The ‘ns’ object above contains the classes derived from the definitions in the schema. We can create an instance of a CoverageData class that contains our schema-compliant data just by loading the JSON representation of that YAML data. From there on, we can directly access our data as class fields.

VSCode YAML Editor

Thus far, we’ve primarily looked at tools that help the developer. The final two tools are focused on improving the user experience. Both leverage our document schema.

Visual Studio Code (VSCode) is a free integrated development environment (IDE) produced by Microsoft. In open source terms, it’s free as in beer. My understanding is that there are compatible truly open source versions as well. As with many IDEs, there is an extensive ecosystem of plug-ins available  to assist in developing different types of code. One of those plug-ins supports YAML development.

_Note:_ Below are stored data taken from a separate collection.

lemma ex_Esym_certificate:
  assumes sos_N: "sos N" and sos_t: "\<And>i. i \<in> {1..d} \<Longrightarrow> sos (t i)"
    and bound: "\<And>i. i \<in> {1..d} \<Longrightarrow> \<exists>c. sos (\<lambda>x. c * N x - t i x)" and "k \<le> d"
  shows "\<exists>lam\<ge>0. sos (\<lambda>x. lam * N x ^ k - Esym d k (\<lambda>i. t i x))"
proof -
  have "\<exists>C\<ge>0. \<forall>i\<in>{1..d}. sos (\<lambda>x. C * N x - t i x)"
    using ex_uniform_sos_bound[where N = N and t = t, OF finite_atLeastAtMost sos_N bound] .
  then obtain C where "0 \<le> C" and C_bound: "\<And>i. i \<in> {1..d} \<Longrightarrow> sos (\<lambda>x. C * N x - t i x)"
    by blast
  let ?I = "{I. I \<subseteq> {1..d} \<and> card I = k}"
  have "sos (\<lambda>x. (C * N x) ^ k - (\<Prod>i\<in>I. t i x))" if I: "I \<in> ?I" for I
  proof -
    have "finite I" "I \<subseteq> {1..d}" "card I = k"
      using I finite_subset[OF _ finite_atLeastAtMost] by auto
    then have "\<forall>i\<in>I. sos (t i) \<and> sos (\<lambda>x. C * N x - t i x)"
      using sos_t C_bound by blast
    from sos_power_card_minus_prod[OF \<open>finite I\<close> this sos_cmult[OF \<open>0 \<le> C\<close> sos_N]]
    show ?thesis using \<open>card I = k\<close> by simp
  qed
  then have "sos (\<lambda>x. 1 / real (d choose k) * (\<Sum>I\<in>?I. (C * N x) ^ k - (\<Prod>i\<in>I. t i x)))"
    by (intro sos_cmult sos_sum) auto
  moreover have "card ?I = d choose k" using n_subsets[of "{1..d}" k] by simp
  then have "1 / real (d choose k) * (\<Sum>I\<in>?I. (C * N x) ^ k - (\<Prod>i\<in>I. t i x))
      = C ^ k * N x ^ k - Esym d k (\<lambda>i. t i x)" for x
    using \<open>k \<le> d\<close> unfolding Esym_def sum_subtractf
    by (simp add: field_simps power_mult_distrib)
  ultimately have "sos (\<lambda>x. C ^ k * N x ^ k - Esym d k (\<lambda>i. t i x))"
    by (rule sos_cong)
  then show ?thesis
    using \<open>0 \<le> C\<close> by (intro exI[of _ "C ^ k"]) simp
qed

lemma Esym_certificate_power:
  assumes sos_N: "sos N" and sos_t: "\<And>i. i \<in> {1..d} \<Longrightarrow> sos (t i)"
    and "m * k \<le> d" and "0 \<le> lam"
    and cert: "sos (\<lambda>x. lam * N x ^ k - Esym d k (\<lambda>i. t i x))"
  shows "sos (\<lambda>x. lam ^ m * N x ^ (m * k) - Esym d (m * k) (\<lambda>i. t i x))"
proof -
  define a where "a x = lam * N x ^ k" for x
  define b where "b x = Esym d k (\<lambda>i. t i x)" for x
  have "sos (\<lambda>x. \<Sum>i<m. b x ^ (m - Suc i) * a x ^ i)"
    unfolding a_def b_def
    by (intro sos_sum sos_mult sos_power sos_cmult \<open>0 \<le> lam\<close> sos_N sos_Esym[OF sos_t])
  with cert have "sos (\<lambda>x. (a x - b x) * (\<Sum>i<m. b x ^ (m - Suc i) * a x ^ i))"
    unfolding a_def b_def by (rule sos_mult)
  moreover have "sos (\<lambda>x. b x ^ m - Esym d (m * k) (\<lambda>i. t i x))"
    unfolding b_def using sos_Esym_power_minus_Esym_mult[OF sos_t \<open>m * k \<le> d\<close>] .
  moreover have "(a x - b x) * (\<Sum>i<m. b x ^ (m - Suc i) * a x ^ i) + (b x ^ m - Esym d (m * k) (\<lambda>i. t i x))
      = lam ^ m * N x ^ (m * k) - Esym d (m * k) (\<lambda>i. t i x)" for x
  proof -
    have "a x ^ m = lam ^ m * N x ^ (m * k)"
      unfolding a_def by (simp add: power_mult_distrib power_mult mult.commute)
    then show ?thesis by (simp add: power_diff_sumr2[symmetric])
  qed
  ultimately show ?thesis by (rule sos_cong[OF sos_add])
qed
(* With $\tau=\frac{1}{4(n-1)}\left(u_2-\frac{n-2}{2(n-1)}u_1^2\right)$, $e=\frac{\partial}{\partial u_{n-1}}$, and $E^i:=\sum_j g^{ij}\frac{\partial\tau}{\partial u_j}$, one has $E^i=\sum_{l,j}g^{il}\eta_{lj}e^j$ for all $i$.
   Context: $n\ge2$. $u_k=\sum_{1\le i_1<\dots<i_k\le n}p_{i_1}^2\cdots p_{i_k}^2$ ($k=1,\dots,n$), $u_0=1$, $u_k=0$ for $k<0$ or $k>n$, coordinates on $\mathbb{C}^n/B_n$. $g^{ij}(u)=\sum_{k,l}\frac{1-\delta^{kl}}{p_kp_l}\frac{\partial u_i}{\partial p_k}\frac{\partial u_j}{\partial p_l}$, $\eta^{ij}(u)=\frac{\partial g^{ij}}{\partial u_{n-1}}(u)=4(2n-i-j)u_{i+j-n-1}$ (nondegenerate), and $\eta_{ij}$ denotes the inverse matrix of $\eta^{ij}$. *)

theory Defs
  imports "HOL-Analysis.Analysis"
begin

text \<open>Points p of C^n are functions nat => complex, only the values p 1, ..., p n matter.\<close>

definition uu :: "nat \<Rightarrow> nat \<Rightarrow> (nat \<Rightarrow> complex) \<Rightarrow> complex" where
  "uu n k p = (\<Sum>S\<in>{S. S \<subseteq> {1..n} \<and> card S = k}. \<Prod>i\<in>S. (p i)^2)"

text \<open>u_k for integer k, with u_k = 0 for k < 0 (and automatically u_0 = 1, u_k = 0 for k > n).\<close>
definition uZ :: "nat \<Rightarrow> int \<Rightarrow> (nat \<Rightarrow> complex) \<Rightarrow> complex" where
  "uZ n k p = (if k < 0 then 0 else uu n (nat k) p)"

definition du :: "nat \<Rightarrow> nat \<Rightarrow> nat \<Rightarrow> (nat \<Rightarrow> complex) \<Rightarrow> complex" where
  "du n i k p = deriv (\<lambda>t. uu n i (p(k := t))) (p k)"

definition gup :: "nat \<Rightarrow> nat \<Rightarrow> nat \<Rightarrow> (nat \<Rightarrow> complex) \<Rightarrow> complex" where
  "gup n i j p = (\<Sum>k\<in>{1..n}. \<Sum>l\<in>{1..n}.
      (if k = l then 0 else 1) / (p k * p l) * du n i k p * du n j l p)"

definition etaup :: "nat \<Rightarrow> nat \<Rightarrow> nat \<Rightarrow> (nat \<Rightarrow> complex) \<Rightarrow> complex" where
  "etaup n i j p = 4 * of_int (2 * int n - int i - int j) * uZ n (int i + int j - int n - 1) p"

definition etalow :: "nat \<Rightarrow> (nat \<Rightarrow> complex) \<Rightarrow> nat \<Rightarrow> nat \<Rightarrow> complex" where
  "etalow n p = (THE M. (\<forall>i j. (i \<notin> {1..n} \<or> j \<notin> {1..n}) \<longrightarrow> M i j = 0) \<and>
       (\<forall>i\<in>{1..n}. \<forall>j\<in>{1..n}. (\<Sum>l\<in>{1..n}. etaup n i l p * M l j) = (if i = j then 1 else 0)))"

So, what does having a schema allow an intelligent editor to do for us? Well, for one thing, it can check the validity of a YAML file as we type it and allow us to fix errors as we go. 


It can suggest what content is valid based on where we are in the document. For example, the schema states that we can have coverpoints and crosses elements inside an instances section. The editor knows this, and prompts us with what it knows is valid.



It can also shows us information about the document section we’re hovering over. Features like these can significantly improve ease of use, making it easier for your users to get started. 

Sphinx Json Schema
Over time, I’ve really come to love Sphinx-Doc for documenting projects. I really like the way it enables combining human-created content with content extracted from the implementation code. I think it finds a great middle ground between tools that fully-generate documentation from code comments and documentation that is fully human created.

Not surprisingly, Sphinx has an extension that supports extracting data from a JSON schema. The extracted data provides a great synopsis of the data format. It’s very likely that you’ll want to add in a bit of extra description on top of what makes sense to put directly in the schema documentation.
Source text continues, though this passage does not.